LA CASA. 2024, Álex Montoya

En su tercer largometraje como director, Álex Montoya adapta un cómic de merecido prestigio que plantea ciertas dificultades cinematográficas. Se trata de La casa, de Paco Roca, novela gráfica publicada en 2015 que desarrolla la historia familiar del autor valenciano en tono intimista, con escasos personajes y en escenario único. La habilidad de Roca consiste en apelar a sentimientos comunes partiendo de los propios, gracias a la sencillez y la cercanía con que se cuentan los hechos. Hay una observación de los detalles y un transcurrir del tiempo que consiguen dotar a La casa de una trascendencia serena y misteriosa, de emoción contenida.

Trasladar estas sensaciones a la pantalla es un reto al alcance de pocos cineastas. Montoya pone todo de su parte replicando las viñetas y los diálogos creados por Roca, como si la mímesis garantizase el buen resultado. Pero no basta con ser fiel a la obra de partida, de hecho, eso ni siquiera es importante. Lo esencial en este caso es capturar la fluidez que existe entre los diferentes tiempos que maneja el cómic y en trazar las líneas invisibles que mueven a los protagonistas, sus motivaciones y anhelos. En La casa de Roca se dice mucho con poca información, mientras que en La casa de Montoya hay un esfuerzo por explicar las cosas, un subrayado que sustituye a la sugerencia.

Las interpretaciones de los actores insisten en esta idea de hacer obvio lo que debería ser intuitivo. El elenco, con David Verdaguer a la cabeza, verbaliza pensamientos y constata la ficción en la que se ven envueltos los personajes, con la salvedad de la joven María Romanillos, la actriz más natural en un conjunto sobrecargado de emociones. Prueba de ello son las lágrimas que sueltan los protagonistas en algún momento del metraje y que nunca se llegan a derramar en el cómic. ¿Son necesarias para despertar la sensibilidad del público? La respuesta corresponde a cada espectador y a la empatía que logren sentir por los habitantes de La casa.

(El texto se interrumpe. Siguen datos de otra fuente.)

lemma pauli_apply_expand:
  assumes "is_pauli n P" "is_state n w" "a \<subseteq> {..<n}"
  shows "pauli_apply P w a = (\<Sum>c\<in>Pow {..<n}. w c * pauli_apply P (basis_vec c) a)"
proof -
  obtain k x z where P: "P = (k, x, z)" by (cases P) auto
  have x: "x \<subseteq> {..<n}" using assms(1) P by (simp add: is_pauli_def)
  have "(\<Sum>c\<in>Pow {..<n}. w c * pauli_apply P (basis_vec c) a)
      = (\<Sum>c\<in>Pow {..<n}. if c = sym_diff a x then \<i> ^ k * (-1) ^ card (z \<inter> sym_diff a x) * w c else 0)"
    unfolding P pauli_apply_eq basis_vec_def by (intro sum.cong refl) auto
  also have "\<dots> = \<i> ^ k * (-1) ^ card (z \<inter> sym_diff a x) * w (sym_diff a x)"
    using assms(3) x by (auto simp: sum.delta)
  finally show ?thesis unfolding P pauli_apply_eq by simp
qed

lemma pauli_trace:
  assumes "is_pauli n (k, x, z)"
  shows "(\<Sum>a\<in>Pow {..<n}. pauli_apply (k, x, z) (basis_vec a) a) = (if x = {} \<and> z = {} then \<i> ^ k * 2 ^ n else 0)"
proof (cases "x = {}")
  case False
  have "pauli_apply (k, x, z) (basis_vec a) a = 0" for a
  proof -
    have "sym_diff a x \<noteq> a" using False by blast
    then show ?thesis by (simp add: pauli_apply_eq basis_vec_def)
  qed
  then show ?thesis using False by simp
next
  case True
  have z: "z \<subseteq> {..<n}" using assms by (simp add: is_pauli_def)
  have "(\<Sum>a\<in>Pow {..<n}. pauli_apply (k, x, z) (basis_vec a) a) = \<i> ^ k * (\<Sum>a\<in>Pow {..<n}. (-1) ^ card (a \<inter> z))"
    unfolding True pauli_apply_eq basis_vec_def by (simp add: sum_distrib_left Int_commute)
  also have "\<dots> = (if z = {} then \<i> ^ k * 2 ^ n else 0)"
    using z by (simp add: sum_Pow_minus_one_power_card_Int)
  finally show ?thesis using True by simp
qed

section \<open>Reduced density matrices\<close>

text \<open>\<open>cross_rdm n R v w\<close> is the matrix of \<open>tr\<^bsub>[n] - R\<^esub> |v\<rangle>\<langle>w|\<close>, so \<open>rdm n R v\<close> is
  \<open>cross_rdm n R v v\<close> restricted to subsets of \<open>R\<close>.\<close>

definition cross_rdm :: "nat \<Rightarrow> nat set \<Rightarrow> vec \<Rightarrow> vec \<Rightarrow> nat set \<Rightarrow> nat set \<Rightarrow> complex" where
  "cross_rdm n R v w u u' = (\<Sum>z\<in>Pow ({..<n} - R). v (u \<union> z) * cnj (w (u' \<union> z)))"

lemma rdm_eq_cross_rdm: "rdm n R v u u' = (if u \<subseteq> R \<and> u' \<subseteq> R then cross_rdm n R v v u u' else 0)"
  by (simp add: rdm_def cross_rdm_def)

lemma rdm_eqI:
  assumes "\<And>u u'. u \<subseteq> R \<Longrightarrow> u' \<subseteq> R \<Longrightarrow> cross_rdm n R v v u u' = cross_rdm n R w w u u'"
  shows "rdm n R v = rdm n R w"
  using assms by (simp add: rdm_eq_cross_rdm fun_eq_iff)

lemma rdm_eqD:
  assumes "rdm n R v = rdm n R w" "u \<subseteq> R" "u' \<subseteq> R"
  shows "cross_rdm n R v v u u' = cross_rdm n R w w u u'"
  using assms by (metis rdm_eq_cross_rdm)

lemma cinner_eq_cross_rdm: "cinner n v w = cross_rdm n {} w v {} {}"
  by (simp add: cinner_def cross_rdm_def mult.commute)

lemma cross_rdm_subset:
  assumes "A \<subseteq> R" "R \<subseteq> {..<n}"
  shows "cross_rdm n A v w u u' = (\<Sum>c\<in>Pow (R - A). cross_rdm n R v w (u \<union> c) (u' \<union> c))"
proof -
  have sub: "R - A \<subseteq> {..<n} - A" using assms by blast
  have eq: "({..<n} - A) - (R - A) = {..<n} - R" using assms by blast
  have "cross_rdm n A v w u u'
      = (\<Sum>c\<in>Pow (R - A). \<Sum>d\<in>Pow (({..<n} - A) - (R - A)). v (u \<union> (c \<union> d)) * cnj (w (u' \<union> (c \<union> d))))"
    unfolding cross_rdm_def by (rule sum_Pow_split[OF _ sub]) simp
  also have "\<dots> = (\<Sum>c\<in>Pow (R - A). cross_rdm n R v w (u \<union> c) (u' \<union> c))"
    unfolding eq cross_rdm_def by (simp add: Un_assoc)
  finally show ?thesis .
qed

lemma rdm_eq_subset:
  assumes "A \<subseteq> R" "R \<subseteq> {..<n}" "rdm n R v = rdm n R w"
  shows "rdm n A v = rdm n A w"
proof (rule rdm_eqI)
  fix u u' assume u: "u \<subseteq> A" "u' \<subseteq> A"
  have "cross_rdm n R v v (u \<union> c) (u' \<union> c) = cross_rdm n R w w (u \<union> c) (u' \<union> c)"
    if "c \<in> Pow (R - A)" for c
    using that u assms(1) by (intro rdm_eqD[OF assms(3)]) auto
  then show "cross_rdm n A v v u u' = cross_rdm n A w w u u'"
    unfolding cross_rdm_subset[OF assms(1,2)] by simp
qed

lemma cinner_pauli_apply_eq_sum_cross_rdm:
  assumes "x \<subseteq> R" "z \<subseteq> R" "R \<subseteq> {..<n}"
  shows "cinner n v (pauli_apply (k, x, z) w)
       = (\<Sum>a\<in>Pow R. \<i> ^ k * (-1) ^ card (z \<inter> sym_diff a x) * cross_rdm n R w v (sym_diff a x) a)"
proof -
  have "cinner n v (pauli_apply (k, x, z) w)
      = (\<Sum>a\<in>Pow R. \<Sum>c\<in>Pow ({..<n} - R). cnj (v (a \<union> c))
          * (\<i> ^ k * (-1) ^ card (z \<inter> sym_diff (a \<union> c) x) * w (sym_diff (a \<union> c) x)))"
    unfolding cinner_def pauli_apply_eq by (rule sum_Pow_split[OF _ assms(3)]) simp
  also have "\<dots> = (\<Sum>a\<in>Pow R. \<Sum>c\<in>Pow ({..<n} - R).
      \<i> ^ k * (-1) ^ card (z \<inter> sym_diff a x) * (w (sym_diff a x \<union> c) * cnj (v (a \<union> c))))"
  proof (intro sum.cong refl)
    fix a c assume "a \<in> Pow R" "c \<in> Pow ({..<n} - R)"
    then have "sym_diff (a \<union> c) x = sym_diff a x \<union> c" "z \<inter> (sym_diff a x \<union> c) = z \<inter> sym_diff a x"
      using assms by blast+
    then show "cnj (v (a \<union> c)) * (\<i> ^ k * (-1) ^ card (z \<inter> sym_diff (a \<union> c) x) * w (sym_diff (a \<union> c) x))
        = \<i> ^ k * (-1) ^ card (z \<inter> sym_diff a x) * (w (sym_diff a x \<union> c) * cnj (v (a \<union> c)))"
      by (simp add: algebra_simps)
  qed
  also have "\<dots> = (\<Sum>a\<in>Pow R. \<i> ^ k * (-1) ^ card (z \<inter> sym_diff a x) * cross_rdm n R w v (sym_diff a x) a)"
    unfolding cross_rdm_def by (simp add: sum_distrib_left)
  finally show ?thesis .
qed

lemma cinner_pauli_apply_eq_if_rdm_eq:
  assumes "x \<subseteq> R" "z \<subseteq> R" "R \<subseteq> {..<n}" "rdm n R v = rdm n R v'"
  shows "cinner n v (pauli_apply (k, x, z) v) = cinner n v' (pauli_apply (k, x, z) v')"
  unfolding cinner_pauli_apply_eq_sum_cross_rdm[OF assms(1-3)]
proof (rule sum.cong[OF refl])
  fix a assume a: "a \<in> Pow R"
  then have "sym_diff a x \<subseteq> R" using assms by blast
  then show "\<i> ^ k * (-1) ^ card (z \<inter> sym_diff a x) * cross_rdm n R v v (sym_diff a x) a =
         \<i> ^ k * (-1) ^ card (z \<inter> sym_diff a x) * cross_rdm n R v' v' (sym_diff a x) a"
    using rdm_eqD[OF assms(4)] a by simp
qed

A nivel formal, uno de los recursos menos satisfactorios dentro de la planificación (algo aséptica) es la manera de insertar los flashback. El montaje emplea un truco bastante fácil que es dar a los recuerdos la apariencia de películas domésticas filmadas en súper 8, con la calidad y la textura características de aquel formato tan común en los setenta y ochenta. La decisión de intercalar estas imágenes con las del presente es artificial (porque nadie con una cámara de 8mm. participa en la escena) y evidente (porque quiere dejar clara la división de épocas que dividen la trama). Así, Montoya denota desconfianza por la inteligencia de su audiencia y sirve la película masticada y lista para la digestión, anulando las posibilidades que ofrecía el original de Roca.

Puede que la comparación sea injusta, pero también es inevitable. Al fin y al cabo, el cine y el cómic comparten una continuidad secuencial que es capaz de dialogar cada uno desde su propia singularidad, son lenguajes distintos que se nutren mutuamente y que admiten el intercambio de ideas. Álex Montoya introduce algunos cambios en La casa (el género del personaje encarnado por Romanillos, el oficio del que interpreta Olivia Molina) sin despegarse del respeto reverencial y del ejercicio de calco... lo que produce una película bienintencionada, pero poco estimulante en términos creativos.